The State of Texas, Appellee
On appeal from the 278th District Court of Walker County, Texas Senior Judge Albert McCaig, presiding Trial Court Cause No. 30129
CHIEF JUSTICE JOHNSON delivered the opinion of the Court.
MEMORANDUM OPINION
A jury found Appellant Stuart Bradley Finch guilty of the third-degree
felony offense of driving while intoxicated and the state jail felony offense of
possession of a controlled substance in an amount less than one gram. See
TEX. PENAL CODE ANN. § 49.04; TEX. HEALTH AND SAFETY CODE ANN. §
481.115. The trial court found the two enhancement paragraphs to be true and
assessed punishment in the driving while intoxicated count at thirty years confinement and in the possession of a controlled substance count at twenty
years confinement. In a single issue, Finch argues that the trial court erred by
denying his motion to suppress evidence.

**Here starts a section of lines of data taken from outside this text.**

theorem proposition7p6:
  fixes G :: "(real^'n^'n) set" and v :: "real^'n"
  assumes "closed_subgroup_GL G"
    and "connected G"
    and "self_adjoint_set G"
    and "\<not> compact G"
    and "v \<noteq> 0"
    and "minimal_vector G v"
    and "\<not> bounded ((\<lambda>g. g *v v) ` G)"
  shows "\<forall>X\<in>P_tilde G v. mat_norm X = 1 \<longrightarrow> 0 < lambda_X X v \<and> lambda_X X v \<le> 1"
proof (intro ballI impI conjI)
  fix X assume X: "X \<in> P_tilde G v" and unit: "mat_norm X = 1"
  have sym: "transpose X = X" and "\<forall>t. mat_exp (t *\<^sub>R X) \<in> G"
    using X by (auto simp: P_tilde_def lie_P_def lie_alg_def)
  then have "mat_exp X \<in> G" by (metis scaleR_one)
  then have not_shrunk: "norm v \<le> norm (mat_exp X *v v)"
    using assms(6) by (simp add: minimal_vector_def)
  have "mat 1 \<in> G" using assms(1) by (simp add: closed_subgroup_GL_def)
  then have "X *v v \<noteq> 0" using P_tilde_moves_vector[OF X] unit by (auto simp: mat_norm_eq_norm)
  then show "0 < lambda_X X v" using lambda_X_pos[OF sym _ not_shrunk] by blast
  show "lambda_X X v \<le> 1" using lambda_X_le_norm[OF sym assms(5)] unit by (simp add: mat_norm_eq_norm)
qed

end
lemma wallis_integrand_bound:
  fixes y :: real
  assumes "y \<in> {0..1}"
  shows "norm (wallis_ratio m / (2*(2*real m+1)*(2*real m+3)*4^r) * (1 - y^2)^K)
    \<le> inverse (real (Suc m) ^ 2)"
proof -
  define D where "D = 2*(2*real m+1)*(2*real m+3)*4^r"
  have "0 \<le> 1 - y^2" "1 - y^2 \<le> 1" using assms by (auto simp: power_le_one)
  then have "\<bar>(1 - y^2)^K\<bar> \<le> 1" by (simp add: power_le_one)
  have "real (Suc m) ^ 2 \<le> 2*(2*real m+1)*(2*real m+3)"
    using mult_nonneg_nonneg[of "real m" "real m"] by (simp add: power2_eq_square algebra_simps)
  also have "\<dots> \<le> D"
    by (simp add: D_def)
  finally have "real (Suc m) ^ 2 \<le> D" .
  have "wallis_ratio m / D \<le> 1 / D"
    using wallis_ratio_le_1[of m] by (intro divide_right_mono) (simp_all add: D_def)
  also have "\<dots> \<le> inverse (real (Suc m) ^ 2)"
    using \<open>real (Suc m) ^ 2 \<le> D\<close> by (simp add: inverse_eq_divide frac_le del: of_nat_Suc)
  finally have "wallis_ratio m / D \<le> inverse (real (Suc m) ^ 2)" .
  have "0 \<le> wallis_ratio m / D"
    using wallis_ratio_pos[of m] by (simp add: D_def)
  then have "norm (wallis_ratio m / D * (1 - y^2)^K) \<le> wallis_ratio m / D * 1"
    using \<open>\<bar>(1 - y^2)^K\<bar> \<le> 1\<close>
    unfolding real_norm_def abs_mult abs_of_nonneg[OF \<open>0 \<le> wallis_ratio m / D\<close>]
    by (intro mult_left_mono)
  with \<open>wallis_ratio m / D \<le> inverse (real (Suc m) ^ 2)\<close> show ?thesis
    by (simp add: D_def)
qed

We will affirm.
A. Background
On May 9, 2020, Officer Ashley Walker, with the Huntsville Police
Department, observed Finch driving a white pickup truck with what she
perceived as an unreadable license plate. Officer Walker followed the pickup
truck in an effort to read the license plate. While following the vehicle, Officer
Walker believed that Finch turned without giving a signal 100 feet prior to
making the turn. Officer Walker initiated a traffic stop, and when she made
contact with Finch, she immediately noticed signs of impairment. Finch
admitted that he had had four beers and also that he had a baggy of
methamphetamine in his front pocket. Finch consented to a blood draw that
was subsequently sent for laboratory analysis and returned a positive result
for both alcohol and methamphetamine.
B. Issue One
In his sole issue, Finch argues that the trial court “abused his discretion
by denying [Finch’s] motion to suppress.”
1. Authority
We review a trial court’s ruling on a motion to suppress evidence for an
abuse of discretion using a bifurcated standard. See Crain v. State, 315 S.W.3d
Finch v. State Page 2 43, 48 (Tex. Crim. App. 2010); Guzman v. State, 955 S.W.2d 85, 89 (Tex. Crim.
App. 1997). We give “almost total deference” to the trial court’s findings of
historical fact that are supported by the record and to the trial court's rulings
on mixed questions of law and fact that turn on an evaluation of credibility and
demeanor. Guzman, 955 S.W.2d at 89. “We conduct a de novo review of
evidence when the resolution of mixed questions of law and fact do not turn on
an evaluation of credibility and demeanor.” St. George v. State, 237 S.W.3d
720, 725 (Tex. Crim. App. 2007) (citing Guzman, 955 S.W.2d at 89). We also
review the trial court’s legal rulings de novo. State v. Martinez, 570 S.W.3d
278, 281 (Tex. Crim. App. 2019).
When ruling on a motion to suppress, the trial judge is the sole trier of
fact and judge of the credibility of the witnesses and the weight to be given
their testimony. Wiede v. State, 214 S.W.3d 17, 24–25 (Tex. Crim. App. 2007).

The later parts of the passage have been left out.